Step4 case 2: --feature only

pixi run --manifest-path=pixi.toml Rscript extdata/step4_reporting.R \
    --metaDir=example/output/meta \
    --plotPrefix=example/output/plot/ \
    --feature=g_Bifidobacterium
docker run --rm --platform=linux/amd64 \
  -v "$PWD":/work -w /work \
  cheeselee/palm-mgwas:latest \
  step4_reporting.R \
    --metaDir=/work/example/output/meta \
    --plotPrefix=/work/example/output/plot/ \
    --feature=g_Bifidobacterium

Output: example/output/plot/manhattan_g_Bifidobacterium.png and the auxiliary QQ plot example/output/plot/qq_g_Bifidobacterium.png.

Step4 case 3: --snp only

pixi run --manifest-path=pixi.toml Rscript extdata/step4_reporting.R \
    --metaDir=example/output/meta \
    --plotPrefix=example/output/plot/ \
    --snp=chr1:14678191:A:C \
    --pCut=5e-8
docker run --rm --platform=linux/amd64 \
  -v "$PWD":/work -w /work \
  cheeselee/palm-mgwas:latest \
  step4_reporting.R \
    --metaDir=/work/example/output/meta \
    --plotPrefix=/work/example/output/plot/ \
    --snp=chr1:14678191:A:C \
    --pCut=5e-8

Output: this mode writes one file per retained feature. In the current example output, files include example/output/plot/forest_chr1_14678191_A_C_g_Bifidobacterium.png and example/output/plot/forest_chr1_14678191_A_C_g_Fusobacterium.png, both shown below.

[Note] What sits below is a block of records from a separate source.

lemma
  assumes "r \<in> LinOrd X" and "finite A" and "A \<noteq> {}" and "A \<subseteq> X"
  shows Mx_mem: "Mx r A \<in> A"
    and Mx_greatest: "v \<in> A \<Longrightarrow> v \<noteq> Mx r A \<Longrightarrow> (Mx r A, v) \<in> r"
proof -
  obtain m where m: "m \<in> A" "\<forall>v\<in>A - {m}. (m, v) \<in> r"
    using LinOrd_has_greatest[OF assms] by blast
  moreover have "Mx r A = m"
    using Mx_eqI[OF assms(1) m] .
  ultimately show "Mx r A \<in> A" and "v \<in> A \<Longrightarrow> v \<noteq> Mx r A \<Longrightarrow> (Mx r A, v) \<in> r"
    by auto
qed

lemma crav_LinOrd:
  assumes "R \<in> LinOrd X"
  shows "crav X R z \<in> LinOrd X"
  unfolding LinOrd_iff
proof (intro conjI)
  show "crav X R z \<subseteq> X \<times> X" and "irrefl (crav X R z)"
    by (auto simp: crav_def irrefl_def)
  show "total_on X (crav X R z)"
    using LinOrd_total[OF assms] by (auto simp: crav_def total_on_def)
  show "trans (crav X R z)"
  proof (rule transI)
    fix a b c assume "(a, b) \<in> crav X R z" and "(b, c) \<in> crav X R z"
    moreover have "(a, b) \<in> R \<Longrightarrow> (b, c) \<in> R \<Longrightarrow> (a, c) \<in> R"
      using assms by (meson LinOrd_iff transD)
    ultimately show "(a, c) \<in> crav X R z"
      using LinOrd_asym[OF assms, of a b] unfolding crav_def by auto
  qed
qed

lemma inj_on_crav: "inj_on (crav X R) X"
proof (rule inj_onI)
  fix z w assume "z \<in> X" and "w \<in> X" and crav_eq: "crav X R z = crav X R w"
  show "z = w"
  proof (rule ccontr)
    assume "z \<noteq> w"
    then have "(z, w) \<in> crav X R z" and "(z, w) \<notin> crav X R w"
      using \<open>z \<in> X\<close> \<open>w \<in> X\<close> unfolding crav_def by auto
    then show False
      using crav_eq by simp
  qed
qed

lemma the_crav: "z \<in> X \<Longrightarrow> (THE y. y \<in> X \<and> crav X R z = crav X R y) = z"
  using inj_on_crav[of X R] by (auto intro!: the_equality dest: inj_onD)

lemma Mx_crav_mem: "R \<in> LinOrd X \<Longrightarrow> A \<subseteq> X \<Longrightarrow> z \<in> A \<Longrightarrow> Mx (crav X R z) A = z"
  by (rule Mx_eqI[OF crav_LinOrd]) (auto simp: crav_def)

lemma Mx_crav_notin:
  assumes "R \<in> LinOrd X" and "finite A" and "A \<noteq> {}" and "A \<subseteq> X" and "z \<notin> A"
  shows "Mx (crav X R z) A = Mx R A"
  using Mx_mem[OF assms(1-4)] Mx_greatest[OF assms(1-4)] assms(4,5)
  by (intro Mx_eqI[OF crav_LinOrd[OF assms(1)]]) (auto simp: crav_def)

lemma crav_mem_Nset_iff:
  assumes "R \<in> LinOrd X" and "finite A" and "A \<subseteq> X" and "y \<in> A" and "z \<in> X"
  shows "crav X R z \<in> Nset X y A \<longleftrightarrow> z = y \<or> (z \<notin> A \<and> y = Mx R A)"
proof -
  have "crav X R z \<in> Nset X y A \<longleftrightarrow> (\<forall>v\<in>A - {y}. (y, v) \<in> crav X R z)"
    unfolding Nset_def using crav_LinOrd[OF assms(1)] by blast
  also have "\<dots> \<longleftrightarrow> z = y \<or> (z \<notin> A \<and> y = Mx R A)"
  proof (cases "z \<in> A")
    case True
    then show ?thesis
      using assms(3,4) by (auto simp: crav_def)
  next
    case False
    then have "(\<forall>v\<in>A - {y}. (y, v) \<in> crav X R z) \<longleftrightarrow> (\<forall>v\<in>A - {y}. (y, v) \<in> R)"
      using assms(3,4) by (auto simp: crav_def)
    also have "\<dots> \<longleftrightarrow> y = Mx R A"
    proof
      assume "\<forall>v\<in>A - {y}. (y, v) \<in> R"
      then show "y = Mx R A"
        using Mx_eqI[OF assms(1,4)] by simp
    next
      assume "y = Mx R A"
      then show "\<forall>v\<in>A - {y}. (y, v) \<in> R"
        using Mx_greatest[OF assms(1,2) _ assms(3)] assms(4) by blast
    qed
    finally show ?thesis
      using False assms(4) by auto
  qed
  finally show ?thesis .
qed

lemma sum_LinOrd_crav:
  assumes "finite X" and "R \<in> LinOrd X" and "\<forall>r\<in>LinOrd X - crav X R ` X. f r = 0"
  shows "sum f (LinOrd X) = (\<Sum>z\<in>X. f (crav X R z))"
proof -
  have "sum f (LinOrd X) = sum f (crav X R ` X)"
    using assms crav_LinOrd by (intro sum.mono_neutral_right finite_LinOrd) auto
  also have "\<dots> = (\<Sum>z\<in>X. f (crav X R z))"
    by (rule sum.reindex[OF inj_on_crav, unfolded comp_def])
  finally show ?thesis .
qed

definition menu_persistence :: "'a set \<Rightarrow> 'a rel \<Rightarrow> ('a \<Rightarrow> 'a \<Rightarrow> real) \<Rightarrow> 'a set \<Rightarrow> 'a \<Rightarrow> real" where
  "menu_persistence X R \<phi> A z = \<phi> (Mx (crav X R z) A) z"

locale persistent_craving =
  fixes X :: "'a set" and R :: "'a rel" and \<nu> :: "'a rel \<Rightarrow> real" and \<phi> :: "'a \<Rightarrow> 'a \<Rightarrow> real"
  assumes pcr: "pcr X R \<nu> \<phi>"
begin

abbreviation craving :: "'a \<Rightarrow> 'a rel" where
  "craving \<equiv> crav X R"

lemma finite_X: "finite X"
  and R_LinOrd: "R \<in> LinOrd X"
  and monotonic: "craving_monotonic X R \<nu>"
  and persistent: "persistence X \<phi>"
  using pcr unfolding pcr_def by auto

lemma \<nu>_null: "r \<notin> craving ` X \<Longrightarrow> \<nu> r = 0"
  using monotonic unfolding craving_monotonic_def by blast

lemma \<nu>_craving_sum: "(\<Sum>z\<in>X. \<nu> (craving z)) = 1"
proof -
  have "(\<Sum>r\<in>LinOrd X. \<nu> r) = 1"
    using monotonic unfolding craving_monotonic_def is_dist_def by blast
  then show ?thesis
    using sum_LinOrd_crav[OF finite_X R_LinOrd, of \<nu>] \<nu>_null by simp
qed

lemma \<nu>_craving_pos:
  assumes "z \<in> X"
  shows "0 < \<nu> (craving z)"
proof (cases "X = {z}")
  case True
  then show ?thesis
    using \<nu>_craving_sum by simp
next
  case False
  then obtain v where "v \<in> X" and "v \<noteq> z"
    using assms by blast
  then have "(z, v) \<in> R \<or> (v, z) \<in> R"
    using LinOrd_total[OF R_LinOrd] assms by blast
  then show ?thesis
    using monotonic assms \<open>v \<in> X\<close> unfolding craving_monotonic_def by force
qed

lemma menu_persistence_eq:
  assumes "A \<subseteq> X" and "A \<noteq> {}" and "z \<in> X"
  shows "menu_persistence X R \<phi> A z = (if z \<in> A then 0 else \<phi> (Mx R A) z)"
  using Mx_crav_mem[OF R_LinOrd assms(1)] Mx_crav_notin[OF R_LinOrd _ assms(2,1)]
    finite_subset[OF assms(1) finite_X] persistent assms(3)
  unfolding menu_persistence_def persistence_def by auto

lemma menu_persistence_range:
  assumes "A \<subseteq> X" and "A \<noteq> {}" and "z \<in> X"
  shows "0 \<le> menu_persistence X R \<phi> A z \<and> menu_persistence X R \<phi> A z < 1"
proof -
  have "Mx R A \<in> X"
    using Mx_mem[OF R_LinOrd finite_subset[OF assms(1) finite_X] assms(2,1)] assms(1) by blast
  then show ?thesis
    using menu_persistence_eq[OF assms] persistent assms(3) unfolding persistence_def by auto
qed

lemma mA_craving:
  assumes "z \<in> X"
  shows "mA X R \<nu> \<phi> A (craving z) r'
           = (if craving z = r' then menu_persistence X R \<phi> A z else 0)
             + (1 - menu_persistence X R \<phi> A z) * \<nu> r'"
  using assms \<nu>_craving_pos[OF assms]
  by (auto simp: mA_def tr_def menu_persistence_def the_crav Let_def)

lemma mA_to_null: "r' \<notin> craving ` X \<Longrightarrow> mA X R \<nu> \<phi> A r r' = 0"
  using \<nu>_null[of r'] by (auto simp: mA_def tr_def Let_def)

lemma mA_inflow:
  assumes null: "\<forall>r. r \<notin> craving ` X \<longrightarrow> \<mu> r = 0" and "v \<in> X"
  shows "(\<Sum>r\<in>LinOrd X. \<mu> r * mA X R \<nu> \<phi> A r (craving v))
           = (\<Sum>z\<in>X. \<mu> (craving z) * ((if z = v then menu_persistence X R \<phi> A z else 0)
                                        + (1 - menu_persistence X R \<phi> A z) * \<nu> (craving v)))"
proof -
  have "(\<Sum>r\<in>LinOrd X. \<mu> r * mA X R \<nu> \<phi> A r (craving v))
      = (\<Sum>z\<in>X. \<mu> (craving z) * mA X R \<nu> \<phi> A (craving z) (craving v))"
    using null by (intro sum_LinOrd_crav[OF finite_X R_LinOrd]) auto
  also have "\<dots> = (\<Sum>z\<in>X. \<mu> (craving z) * ((if z = v then menu_persistence X R \<phi> A z else 0)
                                        + (1 - menu_persistence X R \<phi> A z) * \<nu> (craving v)))"
    using inj_on_crav[of X R] \<open>v \<in> X\<close> by (intro sum.cong) (auto simp: mA_craving dest: inj_onD)
  finally show ?thesis .
qed

lemma stationary_mA_null:
  assumes "stationary X (mA X R \<nu> \<phi> A) \<mu>" and "r \<notin> craving ` X"
  shows "\<mu> r = 0"
proof (cases "r \<in> LinOrd X")
  case True
  then show ?thesis
    using assms mA_to_null[OF assms(2)] unfolding stationary_def by simp
next
  case False
  then show ?thesis
    using assms(1) unfolding stationary_def is_dist_def by blast
qed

Step4 case 4: both --feature and --snp

pixi run --manifest-path=pixi.toml Rscript extdata/step4_reporting.R \
    --metaDir=example/output/meta \
    --plotPrefix=example/output/plot/ \
    --feature=g_Bifidobacterium \
    --snp=chr1:14678191:A:C
docker run --rm --platform=linux/amd64 \
  -v "$PWD":/work -w /work \
  cheeselee/palm-mgwas:latest \
  step4_reporting.R \
    --metaDir=/work/example/output/meta \
    --plotPrefix=/work/example/output/plot/ \
    --feature=g_Bifidobacterium \
    --snp=chr1:14678191:A:C

Output: example/output/plot/forest_g_Bifidobacterium_chr1_14678191_A_C.png.

See workflow/ and example/ for batch scripts or sample data to pair with this guide.